Iran has cut all oil exports to Spain only days ahead of a new round of international talks on Tehran's continued uranium enrichment activities. The move comes well before an EU embargo on Iranian crude is enforced.

https://p.dw.com/p/14aRY
An Iranian guard in front of petrochemical compound
Image: picture-alliance/dpa

Iran announced it had stopped oil deliveries to Spain, the country's media outlets Al-Alam and Press TV reported on Tuesday. "Oil exports to Spain have been cut," the Arab-language Al-Alam network confirmed on its website.

Spain relied on Iran for close on 12 percent of its oil imports last year, receiving 160,000 barrels per day, according to the International Energy Agency (IAE).

The halt of crude oil deliveries to Spain and earlier to Greece, Britain and France signals a continuation of Tehran's pre-emptive stoppage of supplies to the European Union.
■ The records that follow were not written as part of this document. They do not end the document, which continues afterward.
(* Assume the joint regression model (M), the regularity conditions (A-1), (A-2), (A-3), and that for some constant $d_0>0$ and for all $\theta\in\bar U_{d_0}(\theta_0)$ the following moments are finite (all suprema over $\tau,\tilde\tau\in\bar U_{d_0}(\theta_0)$): $\mathbb{E}[\|X\|^3(\sup_\tau G_1^{(1)}(X'\tau^q))(\sup_{\tilde\tau}G_1^{(2)}(X'\tilde\tau^q))]$, $\mathbb{E}[\|X\|^3(\sup_\tau G_1^{(1)}(X'\tau^q))(\sup_{\tilde\tau}G_2^{(1)}(X'\tilde\tau^e))]$, $\mathbb{E}[\|X\|^3(\sup_\tau G_2(X'\tau^e))(\sup_{\tilde\tau}G_1^{(2)}(X'\tilde\tau^q))]$, $\mathbb{E}[\|X\|^3(\sup_\tau G_2(X'\tau^e))(\sup_{\tilde\tau}G_2^{(1)}(X'\tilde\tau^e))]$, $\mathbb{E}[\|X\|^3\sup_\tau(G_1^{(1)}(X'\tau^q))^2]$, $\mathbb{E}[\|X\|^3\sup_\tau(G_2(X'\tau^e))^2]$, $\mathbb{E}[\|X\|^3\sup_\tau G_1^{(1)}(X'\tau^q)G_2(X'\tau^e)]$, $\mathbb{E}[\|X\|^5(\sup_\tau G_2^{(1)}(X'\tau^e))(\sup_{\tilde\tau}G_2^{(2)}(X'\tilde\tau^e))]$, $\mathbb{E}[\|X\|^5(\sup_\tau G_2^{(1)}(X'\tau^e))^2]$, $\mathbb{E}[\|X\|^4(\sup_\tau G_2^{(1)}(X'\tau^e))(\sup_{\tilde\tau}G_2^{(2)}(X'\tilde\tau^e))\mathbb{E}[|Y|\mid X]]$, $\mathbb{E}[\|X\|^3G_2^{(1)}(X'\theta^e)(\sup_\tau G_2^{(1)}(X'\tau^e))\mathbb{E}[|Y|\mid X]]$, $\mathbb{E}[\|X\|^3G_2^{(1)}(X'\theta^e)(\sup_\tau G_2^{(2)}(X'\tau^e))\mathbb{E}[Y^2\mid X]]$, $\mathbb{E}[\|X\|^3(\sup_\tau G_2^{(1)}(X'\tau^e))(\sup_{\tilde\tau}G_2^{(2)}(X'\tilde\tau^e))\mathbb{E}[Y^2\mid X]]$. Let $\lambda(\theta)=\mathbb{E}[\psi(Y,X,\theta)]$. Then there are strictly positive numbers $a,d_0$ such that $\|\lambda(\theta)\|\ge a\cdot\|\theta-\theta_0\|$ for all $\theta\in\Theta$ with $\|\theta-\theta_0\|\le d_0$.
   Context: Fix $\alpha\in(0,1)$ and $k\in\mathbb{N}$. Let $(\Omega,\mathcal F,P)$ be a complete probability space and $Y:\Omega\to\mathbb{R}$, $X:\Omega\to\mathbb{R}^k$ random variables. For a real random variable $Z$ with distribution function $F$, $Q_\alpha(Z)=\inf\{z\in\mathbb{R}:F(z)\ge\alpha\}$ and $\mathrm{ES}_\alpha(Z)=\frac1\alpha\int_0^\alpha Q_u(Z)\,\mathrm{d}u$; $Q_\alpha(\cdot\mid X)$ and $\mathrm{ES}_\alpha(\cdot\mid X)$ denote these functionals of the conditional distribution given $X$. $F_{Y|X}$ and $f_{Y|X}$ denote the conditional distribution function and density of $Y$ given $X$. Vectors $\theta\in\mathbb{R}^{2k}$ are written $\theta=(\theta^{q\prime},\theta^{e\prime})'$ with $\theta^q,\theta^e\in\mathbb{R}^k$. $\|\cdot\|$ is the maximum norm on vectors. $\bar U_d(\theta)=\{\tau\in\Theta:\|\tau-\theta\|\le d\}$. $G^{(j)}$ denotes the $j$-th derivative of a real function $G$. Model (M): $Y=X'\theta^q_0+u^q$ and $Y=X'\theta^e_0+u^e$ where $Q_\alpha(u^q\mid X)=0$ and $\mathrm{ES}_\alpha(u^e\mid X)=0$; $\theta_0=(\theta_0^{q\prime},\theta_0^{e\prime})'\in\Theta$, where $\Theta\subset\mathbb{R}^{2k}$ is compact with nonempty interior. (A-1): $(Y_i,X_i)$, $i=1,\dots,n$, are iid with the distribution of $(Y,X)$; the conditional distribution $F_{Y|X}$ has finite second moments and is absolutely continuous with density $f_{Y|X}$ that is strictly positive, continuous and bounded in a neighbourhood of $X'\theta^q_0$. (A-2): $\mathbb{E}[XX']$ is positive definite. (A-3): $G_1$ is twice continuously differentiable, increasing and integrable; $\mathcal G_2$ is three times continuously differentiable with $\mathcal G_2^{(1)}=G_2$, and $G_2$ and $G_2^{(1)}$ are strictly positive; $a$ is integrable. The estimating function is $\psi=(\psi_1',\psi_2')'$ with $\psi_1(Y,X,\theta)=\frac1\alpha(\mathbf 1_{\{Y\le X'\theta^q\}}-\alpha)\big(\alpha XG_1^{(1)}(X'\theta^q)+XG_2(X'\theta^e)\big)$ and $\psi_2(Y,X,\theta)=XG_2^{(1)}(X'\theta^e)\big(X'\theta^e-X'\theta^q+\frac1\alpha(X'\theta^q-Y)\mathbf 1_{\{Y\le X'\theta^q\}}\big)$. *)

theory Defs
  imports "HOL-Probability.Probability"
begin
(* For all sufficiently large $R$ the following holds. Let $V\subset\mathcal D_R$ be a finite set of points and $G_V$ the graph on $V$ in which distinct points are adjacent iff their hyperbolic distance is at most $R$. Let $(i,j)$ be admissible, let $S$ be the set of points of $V$ lying in tiles below $T_{i,j}$ other than $T_{i,j}$ itself, and let $y=|V\cap T_{i,j}|$. Suppose $y\ge 3$ and $G_V[S]$ can be covered by $x$ vertex-disjoint cycles and isolated vertices. Then $G_V[S\cup(V\cap T_{i,j})]$ can be covered by $\max\{1,x-y+1\}$ vertex-disjoint cycles and isolated vertices. Furthermore, if $y>x$, then $G_V[S\cup(V\cap T_{i,j})]$ has a Hamilton cycle (i.e. can be covered by a single cycle) exactly $y-x$ of whose edges have both endpoints in $T_{i,j}$.
   Context: $\mathcal D_R$ is the hyperbolic disk (curvature $-1$) of radius $R$ around the origin, with polar coordinates $(r,\theta)$, $r\in[0,R)$, $\theta\in(0,2\pi]$. Tiling: $i_{\max}=\lceil 0.9R/(2\ln 2)\rceil$, $n_i=2^{4-i+\lfloor R/(2\ln 2)\rfloor}$ for integers $0\le i\le i_{\max}$; $(i,j)$ is admissible if $0\le i\le i_{\max}$, $0\le j<n_i$; $T_{i,j}=\{(r,\theta)\in\mathcal D_R:\ R-2(i+1)\ln 2\le r<R-2i\ln 2,\ 2\pi j/n_i<\theta\le 2\pi(j+1)/n_i\}$. A tile $T_{i',j'}$ is below $T_{i,j}$ if $i'\le i$ and $T_{i',j'}$ is contained in the sector $\{(r,\theta): 2\pi j/n_i<\theta\le 2\pi(j+1)/n_i\}$. A graph $H$ is covered by $k$ vertex-disjoint cycles and isolated vertices if its vertex set can be partitioned into $k$ parts, each of which is either a single vertex or the vertex set of a cycle (of length at least $3$) in $H$. *)

theory Defs
  imports Complex_Main
begin

text \<open>Points of the hyperbolic plane in polar coordinates (r, theta).\<close>
type_synonym hpoint = "real \<times> real"

definition hdisk :: "real \<Rightarrow> hpoint set" where
  "hdisk R = {(r, t). 0 \<le> r \<and> r < R \<and> 0 < t \<and> t \<le> 2 * pi}"

text \<open>Hyperbolic distance (curvature -1) via the hyperbolic law of cosines.\<close>
definition hdist :: "hpoint \<Rightarrow> hpoint \<Rightarrow> real" where
  "hdist p q = arcosh (cosh (fst p) * cosh (fst q) - sinh (fst p) * sinh (fst q) * cos (snd p - snd q))"

definition hadj :: "real \<Rightarrow> hpoint \<Rightarrow> hpoint \<Rightarrow> bool" where
  "hadj R p q \<longleftrightarrow> p \<noteq> q \<and> hdist p q \<le> R"

definition imax :: "real \<Rightarrow> int" where
  "imax R = \<lceil>0.9 * R / (2 * ln 2)\<rceil>"

definition ntiles :: "real \<Rightarrow> nat \<Rightarrow> real" where
  "ntiles R i = (2::real) powr (of_int (4 - int i + \<lfloor>R / (2 * ln 2)\<rfloor>))"

definition admissible :: "real \<Rightarrow> nat \<Rightarrow> nat \<Rightarrow> bool" where
  "admissible R i j \<longleftrightarrow> int i \<le> imax R \<and> real j < ntiles R i"

definition sector :: "real \<Rightarrow> nat \<Rightarrow> nat \<Rightarrow> hpoint set" where
  "sector R i j = {(r, t). 2 * pi * real j / ntiles R i < t \<and> t \<le> 2 * pi * (real j + 1) / ntiles R i}"

definition tile :: "real \<Rightarrow> nat \<Rightarrow> nat \<Rightarrow> hpoint set" where
  "tile R i j = {(r, t) \<in> hdisk R. R - 2 * (real i + 1) * ln 2 \<le> r \<and> r < R - 2 * real i * ln 2}
                 \<inter> sector R i j"

definition below :: "real \<Rightarrow> nat \<Rightarrow> nat \<Rightarrow> nat \<Rightarrow> nat \<Rightarrow> bool" where
  "below R i' j' i j \<longleftrightarrow> i' \<le> i \<and> tile R i' j' \<subseteq> sector R i j"

definition is_cycle :: "('a \<Rightarrow> 'a \<Rightarrow> bool) \<Rightarrow> 'a list \<Rightarrow> bool" where
  "is_cycle adj vs \<longleftrightarrow> length vs \<ge> 3 \<and> distinct vs \<and>
     (\<forall>k < length vs. adj (vs ! k) (vs ! ((k + 1) mod length vs)))"

definition covered :: "('a \<Rightarrow> 'a \<Rightarrow> bool) \<Rightarrow> 'a set \<Rightarrow> nat \<Rightarrow> bool" where
  "covered adj W k \<longleftrightarrow> (\<exists>P. finite P \<and> \<Union>P = W \<and> pairwise disjnt P \<and> {} \<notin> P \<and> card P = k \<and>
     (\<forall>p\<in>P. (\<exists>v. p = {v}) \<or> (\<exists>vs. is_cycle adj vs \<and> set vs = p)))"

definition edges_inside :: "'a list \<Rightarrow> 'a set \<Rightarrow> nat" where
  "edges_inside vs T = card {k. k < length vs \<and> vs ! k \<in> T \<and> vs ! ((k + 1) mod length vs) \<in> T}"

end

theory Submission
  imports Defs
begin

text \<open>
  Every point of the tile \<open>T = T(i,j)\<close> is within distance \<open>R\<close> of every point in a tile below
  it: their radii differ by at most about \<open>0.9 R\<close>, and the angular width \<open>2 pi / n(i)\<close> of the
  sector is just small enough to offset the factor \<open>exp (r + r')\<close> in the hyperbolic law of
  cosines. Hence the points of \<open>V \<inter> T\<close> are adjacent to all of \<open>S \<union> (V \<inter> T)\<close>.
  Now turn \<open>min x y\<close> parts of the cover of \<open>S\<close> into paths \<open>P1, P2, ...\<close> and weave them
  with the points \<open>t1, ..., ty\<close> of \<open>V \<inter> T\<close> into the single cycle \<open>t1 P1 t2 P2 ... ty\<close>,
  keeping the remaining parts. If \<open>y > x\<close> all parts are absorbed, and the edges inside \<open>T\<close>
  are the \<open>y - x\<close> edges between consecutive \<open>t\<close>'s not separated by a path, the closing
  edge \<open>ty t1\<close> included.
\<close>

section \<open>Cycles, paths and edges inside a set\<close>

lemma successively_iff_nth:
  "successively P xs \<longleftrightarrow> (\<forall>k. Suc k < length xs \<longrightarrow> P (xs ! k) (xs ! Suc k))"
proof (induction xs)
  case (Cons x xs)
  show ?case
  proof (cases xs)
    case (Cons y ys)
    have "(\<forall>k. Suc k < length (x # xs) \<longrightarrow> P ((x # xs) ! k) ((x # xs) ! Suc k)) \<longleftrightarrow>
          P x y \<and> (\<forall>k. Suc k < length xs \<longrightarrow> P (xs ! k) (xs ! Suc k))"
      unfolding Cons by (auto simp: nth_Cons split: nat.splits)
    thus ?thesis using Cons.IH by (simp add: Cons)
  qed simp
qed simp
lemma frob_norm_sq_mult_coisometry:
  assumes Q: "Q \<in> carrier_mat r n" and QQ: "Q * Q\<^sup>T = 1\<^sub>m r" and M: "M \<in> carrier_mat m r"
  shows "frob_norm_sq (M * Q) = frob_norm_sq M"
proof -
  have "frob_norm_sq (M * Q) = frob_norm_sq (Q\<^sup>T * M\<^sup>T)"
    using Q M by (simp add: transpose_mult[OF M Q, symmetric] frob_norm_sq_transpose)
  also have "\<dots> = frob_norm_sq M"
    using Q M QQ by (simp add: frob_norm_sq_isometry_mult[of _ n r] frob_norm_sq_transpose)
  finally show ?thesis .
qed

text \<open>Cauchy-Schwarz applied to \<open>\<langle>M, Q Q\<^sup>T M\<rangle>\<close>, whose value is \<open>\<parallel>Q\<^sup>T M\<parallel>\<^sup>2\<close>.\<close>
lemma frob_norm_sq_transpose_isometry_mult_le:
  assumes Q: "Q \<in> carrier_mat n r" and QQ: "Q\<^sup>T * Q = 1\<^sub>m r" and M: "M \<in> carrier_mat n m"
  shows "frob_norm_sq (Q\<^sup>T * M) \<le> frob_norm_sq M"
proof -
  define f where "f = frob_norm_sq (Q\<^sup>T * M)"
  have "(Q\<^sup>T * M)\<^sup>T * (Q\<^sup>T * M) = M\<^sup>T * (Q * (Q\<^sup>T * M))"
    using Q M by (simp add: transpose_mult[of _ r n M m] assoc_mult_mat[of _ m n _ r _ m])
  then have "f = mtrace (M\<^sup>T * (Q * (Q\<^sup>T * M)))"
    using Q M by (simp add: f_def mtrace_transpose_mult_self[symmetric, of _ r m])
  then have "f\<^sup>2 \<le> frob_norm_sq M\<^sup>T * frob_norm_sq (Q * (Q\<^sup>T * M))"
    using Q M by (simp add: mtrace_mult_sq_le[of _ m n])
  also have "\<dots> = frob_norm_sq M * f"
    using frob_norm_sq_isometry_mult[OF Q QQ, of "Q\<^sup>T * M" m] Q M
    by (simp add: f_def frob_norm_sq_transpose)
  finally have "f * f \<le> frob_norm_sq M * f" by (simp add: power2_eq_square)
  then show ?thesis
    using frob_norm_sq_nonneg[of "Q\<^sup>T * M"] unfolding f_def[symmetric]
    by (cases "f = 0") (auto simp: frob_norm_sq_nonneg intro: mult_right_le_imp_le)
qed

lemma mtrace_sq_le_of_factorization:
  assumes A: "A \<in> carrier_mat p m" and B: "B \<in> carrier_mat m q"
    and L: "L \<in> carrier_mat p r" and LL: "L\<^sup>T * L = 1\<^sub>m r"
    and R: "R \<in> carrier_mat r q" and RR: "R * R\<^sup>T = 1\<^sub>m r"
    and S: "S \<in> carrier_mat r r" and AB: "A * B = L * S * R"
  shows "(mtrace S)\<^sup>2 \<le> frob_norm_sq A * frob_norm_sq B"
proof -
  have LT: "L\<^sup>T \<in> carrier_mat r p" and RT: "R\<^sup>T \<in> carrier_mat q r" using L R by auto
  have "L\<^sup>T * (L * S * R) * R\<^sup>T = ((L\<^sup>T * L) * (S * R)) * R\<^sup>T"
    using L S R by (simp add: assoc_mult_mat[OF L S R] assoc_mult_mat[OF LT L, of "S * R" q])
  also have "\<dots> = S * (R * R\<^sup>T)" using S R LL by (simp add: assoc_mult_mat[OF S R RT])
  also have "\<dots> = S" using S RR by simp
  finally have "S = L\<^sup>T * (A * B) * R\<^sup>T" using AB by simp
  also have "\<dots> = (L\<^sup>T * A) * B * R\<^sup>T" by (simp add: assoc_mult_mat[OF LT A B])
  also have "\<dots> = (L\<^sup>T * A) * (B * R\<^sup>T)" using LT A by (intro assoc_mult_mat[OF _ B RT]) auto
  finally have "S = (L\<^sup>T * A) * (B * R\<^sup>T)" .
  then have "(mtrace S)\<^sup>2 \<le> frob_norm_sq (L\<^sup>T * A) * frob_norm_sq (B * R\<^sup>T)"
    using L A B R by (simp add: mtrace_mult_sq_le[of _ r m])
  also have "\<dots> \<le> frob_norm_sq A * frob_norm_sq B"
  proof (rule mult_mono)
    have "frob_norm_sq (B * R\<^sup>T) = frob_norm_sq ((R\<^sup>T)\<^sup>T * B\<^sup>T)"
      using B R by (simp add: transpose_mult[of B m q] frob_norm_sq_transpose[symmetric, of "B * R\<^sup>T"])
    also have "\<dots> \<le> frob_norm_sq B"
      using frob_norm_sq_transpose_isometry_mult_le[of "R\<^sup>T" q r "B\<^sup>T" m] R B RR
      by (simp add: frob_norm_sq_transpose)
    finally show "frob_norm_sq (B * R\<^sup>T) \<le> frob_norm_sq B" .
  qed (use frob_norm_sq_transpose_isometry_mult_le[OF L LL A] in \<open>auto simp: frob_norm_sq_nonneg\<close>)
  finally show ?thesis .
qed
The EU in January agreed on an embargo against Iranian oil as of July and a freeze on the accounts of the Iranian Central Bank in a bid to force Tehran to stop its uranium enrichment program.

Iran in return warned that it would only accept long-term contracts for oil exports or would otherwise continue to cut supplies to individual nations, which were unwilling to play along.

Hardened fronts

An estimated 18 percent of Iranian oil exports have gone to the EU, in large parts to Italy, Greece and Spain. The main customers, however, are India, Japan, South Korea and Turkey.

The cutting of oil exports to Spain came ahead of a new round of talks on Saturday between Iran and world powers on Tehran's controversial nuclear program. Western nations have been suspecting Iran of developing a nuclear weapons capability.

Iranian President Mahmoud Ahmadinejad insisted that western oil sanctions against his country would have no impact. "The West wants to embargo our oil to weaken us, but it will not succeed," Ahmadinejad said on Tuesday in a televised speech in the southern Persian Gulf port of Bandar Abbas.

"We have sufficient foreign currency reserves and can do without exporting a single oil barrel for two or even three years", he added.